## Exercise requirements
Your task is to transcribe the entries below exactly, from their first line down to the line containing "the same factor", and to stop there.

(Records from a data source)
************

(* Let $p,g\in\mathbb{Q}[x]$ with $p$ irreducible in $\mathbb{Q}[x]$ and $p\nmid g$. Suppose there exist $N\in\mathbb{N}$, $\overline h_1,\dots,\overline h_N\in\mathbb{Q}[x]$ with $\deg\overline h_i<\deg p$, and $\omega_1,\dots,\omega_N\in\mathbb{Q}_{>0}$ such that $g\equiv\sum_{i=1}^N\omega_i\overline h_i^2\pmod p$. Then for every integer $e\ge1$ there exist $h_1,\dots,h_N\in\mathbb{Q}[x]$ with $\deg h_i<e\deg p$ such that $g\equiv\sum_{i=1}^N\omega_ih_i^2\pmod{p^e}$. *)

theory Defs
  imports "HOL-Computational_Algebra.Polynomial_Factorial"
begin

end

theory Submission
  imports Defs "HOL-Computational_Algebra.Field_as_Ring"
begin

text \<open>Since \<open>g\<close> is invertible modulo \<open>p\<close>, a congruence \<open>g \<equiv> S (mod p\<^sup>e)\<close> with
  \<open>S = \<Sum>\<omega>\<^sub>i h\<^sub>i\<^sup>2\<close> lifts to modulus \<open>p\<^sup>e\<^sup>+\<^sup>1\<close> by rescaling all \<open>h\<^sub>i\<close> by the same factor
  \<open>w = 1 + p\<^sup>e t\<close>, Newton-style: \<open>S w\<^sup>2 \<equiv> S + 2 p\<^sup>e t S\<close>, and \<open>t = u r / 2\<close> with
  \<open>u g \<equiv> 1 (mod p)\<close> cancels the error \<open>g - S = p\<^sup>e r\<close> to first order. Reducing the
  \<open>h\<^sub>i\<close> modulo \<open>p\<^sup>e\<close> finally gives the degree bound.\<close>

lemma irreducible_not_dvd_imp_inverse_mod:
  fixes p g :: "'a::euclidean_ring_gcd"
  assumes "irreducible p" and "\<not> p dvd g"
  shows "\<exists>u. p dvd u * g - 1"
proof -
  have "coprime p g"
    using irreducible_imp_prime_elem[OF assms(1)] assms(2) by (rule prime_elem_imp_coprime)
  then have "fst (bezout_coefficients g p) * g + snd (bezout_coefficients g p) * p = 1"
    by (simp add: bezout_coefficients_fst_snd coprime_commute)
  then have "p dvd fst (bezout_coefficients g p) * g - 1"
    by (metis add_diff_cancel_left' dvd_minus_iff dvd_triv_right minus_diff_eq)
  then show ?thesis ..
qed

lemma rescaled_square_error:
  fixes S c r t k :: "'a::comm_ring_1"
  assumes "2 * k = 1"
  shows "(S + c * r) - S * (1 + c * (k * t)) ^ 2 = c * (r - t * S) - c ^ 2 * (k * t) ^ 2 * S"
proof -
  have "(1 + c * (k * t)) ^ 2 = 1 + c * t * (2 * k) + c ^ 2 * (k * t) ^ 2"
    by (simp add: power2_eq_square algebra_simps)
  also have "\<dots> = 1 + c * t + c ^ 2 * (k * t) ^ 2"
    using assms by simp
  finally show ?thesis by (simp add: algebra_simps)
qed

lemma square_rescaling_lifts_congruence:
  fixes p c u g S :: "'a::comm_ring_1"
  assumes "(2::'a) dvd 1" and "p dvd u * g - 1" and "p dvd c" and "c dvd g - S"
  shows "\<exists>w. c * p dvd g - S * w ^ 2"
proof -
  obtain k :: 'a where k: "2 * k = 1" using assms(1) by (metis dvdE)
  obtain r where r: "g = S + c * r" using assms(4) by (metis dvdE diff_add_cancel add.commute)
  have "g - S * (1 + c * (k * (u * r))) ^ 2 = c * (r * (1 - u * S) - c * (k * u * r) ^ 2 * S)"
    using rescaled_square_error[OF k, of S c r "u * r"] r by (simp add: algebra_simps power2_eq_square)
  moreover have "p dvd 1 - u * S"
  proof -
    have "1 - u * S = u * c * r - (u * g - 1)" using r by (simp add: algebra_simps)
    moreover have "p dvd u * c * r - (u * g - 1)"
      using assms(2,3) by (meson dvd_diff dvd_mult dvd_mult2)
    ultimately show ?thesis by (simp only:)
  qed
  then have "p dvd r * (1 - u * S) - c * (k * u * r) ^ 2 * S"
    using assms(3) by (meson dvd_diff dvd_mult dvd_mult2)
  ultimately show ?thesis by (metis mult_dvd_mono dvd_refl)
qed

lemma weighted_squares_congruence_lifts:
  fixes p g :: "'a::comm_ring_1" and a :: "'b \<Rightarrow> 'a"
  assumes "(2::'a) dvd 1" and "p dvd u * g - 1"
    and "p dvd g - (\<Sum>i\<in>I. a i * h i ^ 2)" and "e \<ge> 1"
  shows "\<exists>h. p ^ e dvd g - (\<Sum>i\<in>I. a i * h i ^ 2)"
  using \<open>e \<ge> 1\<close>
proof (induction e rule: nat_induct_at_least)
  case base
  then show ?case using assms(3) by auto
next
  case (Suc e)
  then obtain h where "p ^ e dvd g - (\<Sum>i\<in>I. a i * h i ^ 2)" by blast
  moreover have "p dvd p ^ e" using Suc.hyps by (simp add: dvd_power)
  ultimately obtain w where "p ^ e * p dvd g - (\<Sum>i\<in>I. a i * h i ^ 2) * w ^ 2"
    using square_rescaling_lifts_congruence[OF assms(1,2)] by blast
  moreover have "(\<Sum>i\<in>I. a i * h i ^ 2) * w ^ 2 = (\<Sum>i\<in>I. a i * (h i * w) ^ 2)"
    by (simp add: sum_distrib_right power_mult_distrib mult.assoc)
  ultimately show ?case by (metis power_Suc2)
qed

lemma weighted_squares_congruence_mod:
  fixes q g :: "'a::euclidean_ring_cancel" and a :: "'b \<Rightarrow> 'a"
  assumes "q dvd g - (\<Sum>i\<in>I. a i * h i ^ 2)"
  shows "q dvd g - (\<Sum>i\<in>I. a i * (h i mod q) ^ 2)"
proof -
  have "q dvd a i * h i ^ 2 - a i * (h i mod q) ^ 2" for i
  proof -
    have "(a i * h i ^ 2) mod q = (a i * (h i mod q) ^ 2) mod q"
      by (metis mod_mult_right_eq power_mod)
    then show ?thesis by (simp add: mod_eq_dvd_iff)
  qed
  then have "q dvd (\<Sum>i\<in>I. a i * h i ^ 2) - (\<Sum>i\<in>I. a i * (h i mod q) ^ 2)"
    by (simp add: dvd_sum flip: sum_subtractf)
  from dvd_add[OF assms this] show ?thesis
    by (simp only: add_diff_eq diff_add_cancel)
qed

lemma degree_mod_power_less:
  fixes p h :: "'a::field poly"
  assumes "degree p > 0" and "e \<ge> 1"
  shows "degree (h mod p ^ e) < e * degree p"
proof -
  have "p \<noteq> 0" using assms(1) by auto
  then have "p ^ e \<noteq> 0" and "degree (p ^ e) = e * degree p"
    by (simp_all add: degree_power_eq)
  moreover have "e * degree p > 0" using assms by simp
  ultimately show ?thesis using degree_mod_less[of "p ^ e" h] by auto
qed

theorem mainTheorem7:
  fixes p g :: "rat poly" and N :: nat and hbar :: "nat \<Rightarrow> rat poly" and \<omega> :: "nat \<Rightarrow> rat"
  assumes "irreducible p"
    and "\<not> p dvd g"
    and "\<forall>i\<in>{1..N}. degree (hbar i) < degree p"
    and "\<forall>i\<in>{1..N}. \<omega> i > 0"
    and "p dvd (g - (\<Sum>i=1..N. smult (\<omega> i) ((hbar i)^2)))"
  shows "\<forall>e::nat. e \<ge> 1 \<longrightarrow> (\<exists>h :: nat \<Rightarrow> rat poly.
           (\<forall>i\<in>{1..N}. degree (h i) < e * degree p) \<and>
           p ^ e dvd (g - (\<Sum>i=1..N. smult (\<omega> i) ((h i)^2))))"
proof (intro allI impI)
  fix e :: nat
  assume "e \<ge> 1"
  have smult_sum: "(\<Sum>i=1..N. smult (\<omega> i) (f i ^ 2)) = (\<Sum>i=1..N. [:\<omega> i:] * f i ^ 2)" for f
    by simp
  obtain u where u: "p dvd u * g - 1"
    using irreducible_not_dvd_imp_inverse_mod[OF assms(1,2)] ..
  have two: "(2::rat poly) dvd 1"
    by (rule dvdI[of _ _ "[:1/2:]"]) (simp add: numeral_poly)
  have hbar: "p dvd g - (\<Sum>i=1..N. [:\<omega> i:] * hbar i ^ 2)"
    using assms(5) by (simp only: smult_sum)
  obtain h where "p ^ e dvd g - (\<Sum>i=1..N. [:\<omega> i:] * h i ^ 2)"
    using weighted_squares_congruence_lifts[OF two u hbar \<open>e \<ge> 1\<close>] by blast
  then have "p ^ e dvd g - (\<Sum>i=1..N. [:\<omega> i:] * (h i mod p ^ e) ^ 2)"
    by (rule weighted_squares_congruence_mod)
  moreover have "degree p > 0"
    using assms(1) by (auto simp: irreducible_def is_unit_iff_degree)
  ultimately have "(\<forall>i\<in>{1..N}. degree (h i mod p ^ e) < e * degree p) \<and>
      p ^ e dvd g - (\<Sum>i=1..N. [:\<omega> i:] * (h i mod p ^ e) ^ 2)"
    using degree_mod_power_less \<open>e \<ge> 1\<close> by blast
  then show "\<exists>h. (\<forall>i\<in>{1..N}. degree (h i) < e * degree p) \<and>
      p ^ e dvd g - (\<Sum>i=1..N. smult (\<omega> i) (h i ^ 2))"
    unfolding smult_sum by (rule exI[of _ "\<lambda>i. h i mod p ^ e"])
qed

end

************

## Result for this exercise
(* Let $p,g\in\mathbb{Q}[x]$ with $p$ irreducible in $\mathbb{Q}[x]$ and $p\nmid g$. Suppose there exist $N\in\mathbb{N}$, $\overline h_1,\dots,\overline h_N\in\mathbb{Q}[x]$ with $\deg\overline h_i<\deg p$, and $\omega_1,\dots,\omega_N\in\mathbb{Q}_{>0}$ such that $g\equiv\sum_{i=1}^N\omega_i\overline h_i^2\pmod p$. Then for every integer $e\ge1$ there exist $h_1,\dots,h_N\in\mathbb{Q}[x]$ with $\deg h_i<e\deg p$ such that $g\equiv\sum_{i=1}^N\omega_ih_i^2\pmod{p^e}$. *)

theory Defs
  imports "HOL-Computational_Algebra.Polynomial_Factorial"
begin

end

theory Submission
  imports Defs "HOL-Computational_Algebra.Field_as_Ring"
begin

text \<open>Since \<open>g\<close> is invertible modulo \<open>p\<close>, a congruence \<open>g \<equiv> S (mod p\<^sup>e)\<close> with
  \<open>S = \<Sum>\<omega>\<^sub>i h\<^sub>i\<^sup>2\<close> lifts to modulus \<open>p\<^sup>e\<^sup>+\<^sup>1\<close> by rescaling all \<open>h\<^sub>i\<close> by the same factor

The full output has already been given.